Monday, March 3, 2014

The Rithmatist

The Rithmatist
By: Brandon Sanderson
The Rithmatist (Rithmatist, #1)

More than anything, Joel wants to be a Rithmatist. Chosen by the Master in a mysterious inception ceremony, Rithmatists have the power to infuse life into two-dimensional figures known as Chalklings. Rithmatists are humanity’s only defense against the Wild Chalklings — merciless creatures that leave mangled corpses in their wake. Having nearly overrun the territory of Nebrask, the Wild Chalklings now threaten all of the American Isles. As the son of a lowly chalkmaker at Armedius Academy, Joel can only watch as Rithmatist students study the magical art that he would do anything to practice.
WHY. HOW. Dude, Brandon Sanderson can WRITE. This book was so weird and wonderful and interesting and engaging. Honestly this is one of the strangest and coolest books I have ever read. It had great characters, world-building, themes, mystery. I loved every single minute of it. And now all I want to do is jump into every single Brandon Sanderson fantasy series. I might do just that, too.
Joel: He's curious and clever and a bit of an outcast. He has a desire for knowledge that others often find weird or intrusive, but that's a big reason why I loved him.

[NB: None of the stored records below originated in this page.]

(* Let $\nu\in\mathcal N$. Then the process $$L_\nu(x,t):=\sup_{z\le x}\big\{\nu(z)+L((z,0),(x,t))\big\},\qquad x\in\mathbb R,\ t\ge0,$$ is almost surely well defined (finite), and the measures $M^t_\nu$ on $\mathbb R$ defined by $M^t_\nu((x,y]):=L_\nu(y,t)-L_\nu(x,t)$ for $x\le y$ are positive locally finite measures which evolve in $t\ge0$ according to the Hammersley interacting fluid system, i.e. $M^0_\nu=\nu$ and: if there is a point of $\mathbf P$ at $(x_0,t)$ with weight $\omega$, then $M^t_\nu=M^{t-}_\nu$ on $(-\infty,x_0)$, $M^t_\nu(\{x_0\})=M^{t-}_\nu(\{x_0\})+\omega$, and $M^t_\nu((x_0,x])=\big(M^{t-}_\nu((x_0,x])-\omega\big)_+$ for all $x>x_0$, where $M^{t-}_\nu$ is the configuration obtained if the point at $(x_0,t)$ were removed.
   Context: Let $\mathbf P\subset\mathbb R^2$ be a homogeneous Poisson point process of intensity one with i.i.d. positive weights $\{\omega_{\mathbf p}\}$ of distribution $F$, independent of $\mathbf P$; assume $\int_0^\infty e^{ax}dF(x)<\infty$ for some $a>0$. For $\mathbf p\le\mathbf q$ (coordinatewise), $L(\mathbf p,\mathbf q)$ is the maximal total weight of a coordinatewise increasing finite sequence of points of $\mathbf P$ in $\{\mathbf x:p_1<x_1\le q_1,\ p_2<x_2\le q_2\}$ (empty sum $0$); only points of $\mathbf P$ in $\mathbb R\times(0,\infty)$ are relevant here. For a positive locally finite measure $\nu$ on $\mathbb R$ write $\nu(x)=\nu((0,x])$ for $x\ge0$ and $\nu(x)=-\nu((x,0])$ for $x<0$. $\mathcal N$ is the set of positive locally finite measures $\nu$ on $\mathbb R$ with $\liminf_{y\to-\infty}\nu(y)/y>0$. *)

theory Defs
  imports "HOL-Probability.Probability"
begin

text \<open>A marked point configuration: a set of pairs (location in the plane, weight).\<close>
type_synonym mconf = "((real \<times> real) \<times> real) set"

definition incr_chain :: "((real \<times> real) \<times> real) list \<Rightarrow> bool" where
  "incr_chain xs \<longleftrightarrow> sorted_wrt (\<lambda>a b. fst (fst a) \<le> fst (fst b) \<and> snd (fst a) \<le> snd (fst b)
       \<and> fst a \<noteq> fst b) xs"

definition LPP :: "mconf \<Rightarrow> real \<times> real \<Rightarrow> real \<times> real \<Rightarrow> ereal" where
  "LPP Q p q = (SUP xs \<in> {xs. set xs \<subseteq> Q \<and> incr_chain xs \<and>
      (\<forall>a\<in>set xs. fst p < fst (fst a) \<and> fst (fst a) \<le> fst q \<and>
                  snd p < snd (fst a) \<and> snd (fst a) \<le> snd q)}.
      ereal (sum_list (map snd xs)))"

text \<open>The signed distribution function nu(x) of a measure on the line.\<close>
definition nuF :: "real measure \<Rightarrow> real \<Rightarrow> real" where
  "nuF \<nu> x = (if 0 \<le> x then measure \<nu> {0<..x} else - measure \<nu> {x<..0})"

definition calN :: "real measure set" where
  "calN = {\<nu>. sets \<nu> = sets borel \<and> (\<forall>a b. emeasure \<nu> {a<..b} < \<infinity>) \<and>
              Liminf at_bot (\<lambda>y. ereal (nuF \<nu> y / y)) > 0}"

definition Lnu :: "mconf \<Rightarrow> real measure \<Rightarrow> real \<Rightarrow> real \<Rightarrow> ereal" where
  "Lnu Q \<nu> x t = (SUP z \<in> {..x}. ereal (nuF \<nu> z) + LPP Q (z, 0) (x, t))"

definition is_M :: "mconf \<Rightarrow> real measure \<Rightarrow> real \<Rightarrow> real measure \<Rightarrow> bool" where
  "is_M Q \<nu> t m \<longleftrightarrow> sets m = sets borel \<and> (\<forall>a b. emeasure m {a<..b} < \<infinity>) \<and>
     (\<forall>x y. x \<le> y \<longrightarrow> ereal (measure m {x<..y}) = Lnu Q \<nu> y t - Lnu Q \<nu> x t)"

definition Mt :: "mconf \<Rightarrow> real measure \<Rightarrow> real \<Rightarrow> real measure" where
  "Mt Q \<nu> t = (THE m. is_M Q \<nu> t m)"

text \<open>Q is a Poisson point process on (R^2) x R with intensity Lebesgue (x) F,
  i.e. a Poisson process of intensity one in the plane with i.i.d. marks of law F
  independent of the points (marking theorem).\<close>
definition marked_poisson :: "'a measure \<Rightarrow> ('a \<Rightarrow> mconf) \<Rightarrow> real measure \<Rightarrow> bool" where
  "marked_poisson M Q F \<longleftrightarrow>
     (let \<mu> = (lborel :: (real \<times> real) measure) \<Otimes>\<^sub>M F in
       (\<forall>B \<in> sets \<mu>. emeasure \<mu> B < \<infinity> \<longrightarrow>
          (AE \<omega> in M. finite (Q \<omega> \<inter> B)) \<and>
          (\<forall>k::nat. {\<omega> \<in> space M. card (Q \<omega> \<inter> B) = k} \<in> sets M \<and>
             measure M {\<omega> \<in> space M. card (Q \<omega> \<inter> B) = k}
               = measure \<mu> B ^ k / fact k * exp (- measure \<mu> B))) \<and>
       (\<forall>(I::nat set) B. finite I \<longrightarrow> B ` I \<subseteq> sets \<mu> \<longrightarrow>
          (\<forall>i\<in>I. emeasure \<mu> (B i) < \<infinity>) \<longrightarrow> disjoint_family_on B I \<longrightarrow>
          prob_space.indep_vars M (\<lambda>_. count_space UNIV) (\<lambda>i \<omega>. card (Q \<omega> \<inter> B i)) I))"

end

theory Submission
  imports Defs "HOL-Real_Asymp.Real_Asymp"
begin

text \<open>
  Almost surely the configuration is regular: finitely many points in bounded sets, positive
  weights, no two points sharing a coordinate, no point above an atom of \<open>\<nu>\<close>, and sublinear last
  passage values \<open>L((-r,0),(r,T)) = o(r)\<close>.  The last property follows from Borel--Cantelli on a
  dyadic grid: the box \<open>(-4\<^sup>j,4\<^sup>j] \<times> (0,T]\<close> is split into \<open>2\<^sup>j \<times> 2\<^sup>j\<close> cells; eventually no cell
  carries \<open>j\<close> points and no weight in the box exceeds \<open>4j/a\<close>; an increasing chain meets at most
  \<open>2\<cdot>2\<^sup>j\<close> cells, so its weight is \<open>O(j\<^sup>2 2\<^sup>j) = o(4\<^sup>j)\<close>.  Together with \<open>\<nu>(y) \<le> c y\<close> as
  \<open>y \<rightarrow> -\<infinity>\<close> this makes the supremum defining \<open>L\<^sub>\<nu>\<close> finite.  For a regular configuration,
  \<open>L\<^sub>\<nu>(\<cdot>,t)\<close> is nondecreasing and right-continuous, hence the distribution function of a
  unique measure \<open>M\<^sup>t\<^sub>\<nu>\<close>.  Adding a point \<open>(x\<^sub>0,t)\<close> of weight \<open>w\<close> to a configuration with values
  \<open>L\<^sup>-\<close> leaves \<open>L\<^sub>\<nu>(x,t)\<close> unchanged for \<open>x < x\<^sub>0\<close> and turns it into \<open>max (L\<^sup>-(x), L\<^sup>-(x\<^sub>0) + w)\<close>
  for \<open>x \<ge> x\<^sub>0\<close>, since an optimal chain through the point ends there; in terms of increments
  this is exactly the Hammersley update.
\<close>

section \<open>Locally finite measures on the line\<close>

definition locally_finite_borel :: "real measure \<Rightarrow> bool" where
  "locally_finite_borel m \<longleftrightarrow> sets m = sets borel \<and> (\<forall>a b. emeasure m {a<..b} < \<infinity>)"

lemma locally_finite_borel_emeasure_Ioc_neq_top:
  "locally_finite_borel m \<Longrightarrow> emeasure m {a<..b} \<noteq> \<infinity>"
  unfolding locally_finite_borel_def by (auto simp: less_top)

lemma locally_finite_borel_emeasure_Ioc:
  "locally_finite_borel m \<Longrightarrow> emeasure m {a<..b} = ennreal (measure m {a<..b})"
  by (simp add: emeasure_eq_ennreal_measure locally_finite_borel_def less_top)

lemma locally_finite_borel_emeasure_singleton:
  assumes "locally_finite_borel m"
  shows "emeasure m {x} = ennreal (measure m {x})"
proof (rule emeasure_eq_ennreal_measure)
  have "emeasure m {x} \<le> emeasure m {x - 1<..x}"
    using assms by (intro emeasure_mono) (auto simp: locally_finite_borel_def)
  then show "emeasure m {x} \<noteq> top"
    using locally_finite_borel_emeasure_Ioc_neq_top[OF assms] by (metis infinity_ennreal_def neq_top_trans)
qed

lemma measure_Ioc_split:
  assumes "locally_finite_borel m" "a \<le> b" "b \<le> c"
  shows "measure m {a<..c} = measure m {a<..b} + measure m {b<..c}"
proof -
  have "{a<..c} = {a<..b} \<union> {b<..c}" using assms(2,3) by auto
  moreover have "measure m ({a<..b} \<union> {b<..c}) = measure m {a<..b} + measure m {b<..c}"
    by (rule measure_Union) (use assms(1) in \<open>auto simp: locally_finite_borel_def less_top\<close>)
  ultimately show ?thesis by simp
qed

lemma nuF_diff:
  assumes lf: "locally_finite_borel \<nu>" and xy: "x \<le> y"
  shows "nuF \<nu> y - nuF \<nu> x = measure \<nu> {x<..y}"
proof (cases "0 \<le> x")
  case True
  then have "nuF \<nu> y = measure \<nu> {0<..y}" "nuF \<nu> x = measure \<nu> {0<..x}"
    using xy unfolding nuF_def by auto
  then show ?thesis using measure_Ioc_split[OF lf True xy] by linarith
next
  case False
  show ?thesis
  proof (cases "0 \<le> y")
    case True
    then have "nuF \<nu> y = measure \<nu> {0<..y}" "nuF \<nu> x = - measure \<nu> {x<..0}"
      using False unfolding nuF_def by auto
    then show ?thesis using measure_Ioc_split[OF lf _ True, of x] False by linarith
  next
    case False2: False
    then have "nuF \<nu> y = - measure \<nu> {y<..0}" "nuF \<nu> x = - measure \<nu> {x<..0}"
      using False unfolding nuF_def by auto
    then show ?thesis using measure_Ioc_split[OF lf xy, of 0] False2 by linarith
  qed
qed

lemma nuF_mono:
  assumes "locally_finite_borel \<nu>" "x \<le> y"
  shows "nuF \<nu> x \<le> nuF \<nu> y"
  using nuF_diff[OF assms] measure_nonneg[of \<nu> "{x<..y}"] by linarith

lemma nuF_right_continuous:
  assumes lf: "locally_finite_borel \<nu>"
  shows "continuous (at_right a) (nuF \<nu>)"
  unfolding continuous_within
proof (rule tendsto_at_right_sequentially[where b = "a + 1"])
  fix f :: "nat \<Rightarrow> real"
  assume gt: "\<And>n. a < f n" and "\<And>n. f n < a + 1" and dec: "decseq f" and lim: "f \<longlonglongrightarrow> a"
  have "(\<lambda>n. measure \<nu> {a<..f n}) \<longlonglongrightarrow> measure \<nu> (\<Inter>n. {a<..f n})"
  proof (rule Lim_measure_decseq)
    show "decseq (\<lambda>n. {a<..f n})"
    proof (rule decseq_SucI)
      fix n show "{a<..f (Suc n)} \<subseteq> {a<..f n}" using decseqD[OF dec, of n "Suc n"] by auto
    qed
  qed (use lf in \<open>auto simp: locally_finite_borel_def less_top\<close>)
  moreover have "(\<Inter>n. {a<..f n}) = {}"
  proof -
    have False if x: "x \<in> (\<Inter>n. {a<..f n})" for x
    proof -
      from x have "a < x" by auto
      then have "eventually (\<lambda>n. f n < x) sequentially" using order_tendstoD(2)[OF lim] by blast
      then obtain n where "f n < x" by (auto simp: eventually_sequentially)
      moreover from x have "x \<in> {a<..f n}" by blast
      ultimately show False by simp
    qed
    then show ?thesis by blast
  qed
  moreover have "measure \<nu> {a<..f n} = nuF \<nu> (f n) - nuF \<nu> a" for n
    using nuF_diff[OF lf, of a "f n"] gt[of n] by simp
  ultimately have "(\<lambda>n. nuF \<nu> (f n) - nuF \<nu> a) \<longlonglongrightarrow> 0" by simp
  then have "(\<lambda>n. (nuF \<nu> (f n) - nuF \<nu> a) + nuF \<nu> a) \<longlonglongrightarrow> 0 + nuF \<nu> a"
    by (intro tendsto_add tendsto_const)
  then show "(\<lambda>n. nuF \<nu> (f n)) \<longlonglongrightarrow> nuF \<nu> a" by simp
qed simp

lemma measure_Ioc_shrink_to_atom:
  assumes "locally_finite_borel m"
  shows "(\<lambda>n. measure m {x - 1 / Suc n<..x}) \<longlonglongrightarrow> measure m {x}"
proof -
  let ?f = "\<lambda>n::nat. x - 1 / Suc n"
  have "(\<lambda>n. measure m {?f n<..x}) \<longlonglongrightarrow> measure m (\<Inter>n. {?f n<..x})"
  proof (rule Lim_measure_decseq)
    show "decseq (\<lambda>n. {?f n<..x})"
    proof (rule decseq_SucI)
      fix n :: nat
      have "1 / real (Suc (Suc n)) \<le> 1 / real (Suc n)" by (rule frac_le) auto
      then show "{?f (Suc n)<..x} \<subseteq> {?f n<..x}" by auto
    qed
    show "range (\<lambda>n. {?f n<..x}) \<subseteq> sets m"
      using assms by (auto simp: locally_finite_borel_def)
    show "emeasure m {?f n<..x} \<noteq> \<infinity>" for n
      by (rule locally_finite_borel_emeasure_Ioc_neq_top[OF assms])
  qed
  moreover have "(\<Inter>n. {?f n<..x}) = {x}"
  proof (intro equalityI subsetI)
    fix y assume y: "y \<in> (\<Inter>n. {?f n<..x})"
    show "y \<in> {x}"
    proof (rule ccontr)
      assume "y \<notin> {x}"
      with y have "0 < x - y" by auto
      then obtain n :: nat where "1 / Suc n < x - y" by (rule nat_approx_posE)
      moreover from y have "y \<in> {?f n<..x}" by blast
      ultimately show False by simp
    qed
  qed auto
  ultimately show ?thesis by simp
qed

lemma nuF_left_approx_at_nonatom:
  assumes lf: "locally_finite_borel \<nu>" and atom: "emeasure \<nu> {a} = 0" and "e > 0"
  obtains z where "z < a" "nuF \<nu> a - e < nuF \<nu> z"
proof -
  have "measure \<nu> {a} = 0" using atom by (simp add: measure_def)
  then have "(\<lambda>n. measure \<nu> {a - 1 / Suc n<..a}) \<longlonglongrightarrow> 0"
    using measure_Ioc_shrink_to_atom[OF lf, of a] by simp
  then obtain n where "norm (measure \<nu> {a - 1 / Suc n<..a} - 0) < e"
    using LIMSEQ_D \<open>e > 0\<close> by blast
  moreover have "nuF \<nu> a - nuF \<nu> (a - 1 / Suc n) = measure \<nu> {a - 1 / Suc n<..a}"
    by (rule nuF_diff[OF lf]) simp
  ultimately show ?thesis by (intro that[of "a - 1 / Suc n"]) auto
qed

It's easy to identify with him because he feels like he's missed his chance to be special. But then he still works to make things happen for himself. He's persistent and determined. I thought he was a really good narrator, too. That feels like a weird thing to point out, but I mean that through him Brandon Sanderson was able to tell a really great story.
Melody: LOVE HER. I love how Brandon so accurately created a teenage girl. She's sort of crazy, and weird, and curious, and creative. But she was also sort of selfish and loud and she feels inadequate a lot of the time.
I've fallen in love with Joel and Melody's friendship, too. Their dynamic is so interesting because they squabble a lot and tease each other, but they grudgingly became friends until they were just good friends. It was so well-developed. At they end they made me so happy and emotional.
"You came out here to get humiliated, and you didn't even invite me along!"
She hesitated, then smiled. "Idiot," she said.
Fitch: It's impossible not to love him. A sweet, nervous, older professor who takes the two outcasts under his wings. He seems to have almost inexhaustible patience, a quality he most definitely needs in dealing with Melody and Joel.
Nalizar: So interesting. I'm excited to see what happens in the future books, although I won't go into why to avoid spoilers and such.
This book was so engaging. From the very first page I was caught up in the world, I wanted to know more about Rithmatics, about Joel, about everything. Then the mystery came up and I pulled in the rest of the way. I love how the mystery was handled in this book. There were so many twists and turns, little clues dropped for a bunch of different characters, and false leads. A few different times I got it into my head it was clear-cut, but most of the time I was wrong. I loved being wrong because it meant more intrigue and mystery in the future. I also loved how the book ended. The last scene was perfection and even made me tear up a bit.
FANTASTIC. There was never any info-dumping, but you slowly learned what the heck Rithmatics are and how they affect the world and politics. I always love alternate history worlds. They are so interesting and unique, so as you learn more about the history of this world it gets more and more awesome.
Brandon Sanderson's writing is so wonderful. It's clear and informative, but at the same time it pulls you in and gets you invested in the proceedings and the characters. It must take some magnificent talent to develop and then create this world in a way that's not confusing and without putting a wall around it, keeping the reader out. This book suffer from neither of those problems.
"The most dangerous kind of man is not the one who spent his youth shoving others around. That kind of man gets lazy, and is often too content with his life to be truly dangerous. The man who has spent his youth being shoved around, however...When that man gets a little power and authority, he often uses it to become a tyrant on par with the worst warlords in history."
"However, humans are more than their need to survive."
"Those who have intense hatred often are fascinated by the things they detest."
"Because man created it. He sectioned it off. There is nothing inherently important about a second or a minute. They're fictional divisions, enacted by mankind, fabricated...Yet in a human's hands, these things have life. Minutes, seconds, hours. The arbitrary becomes law."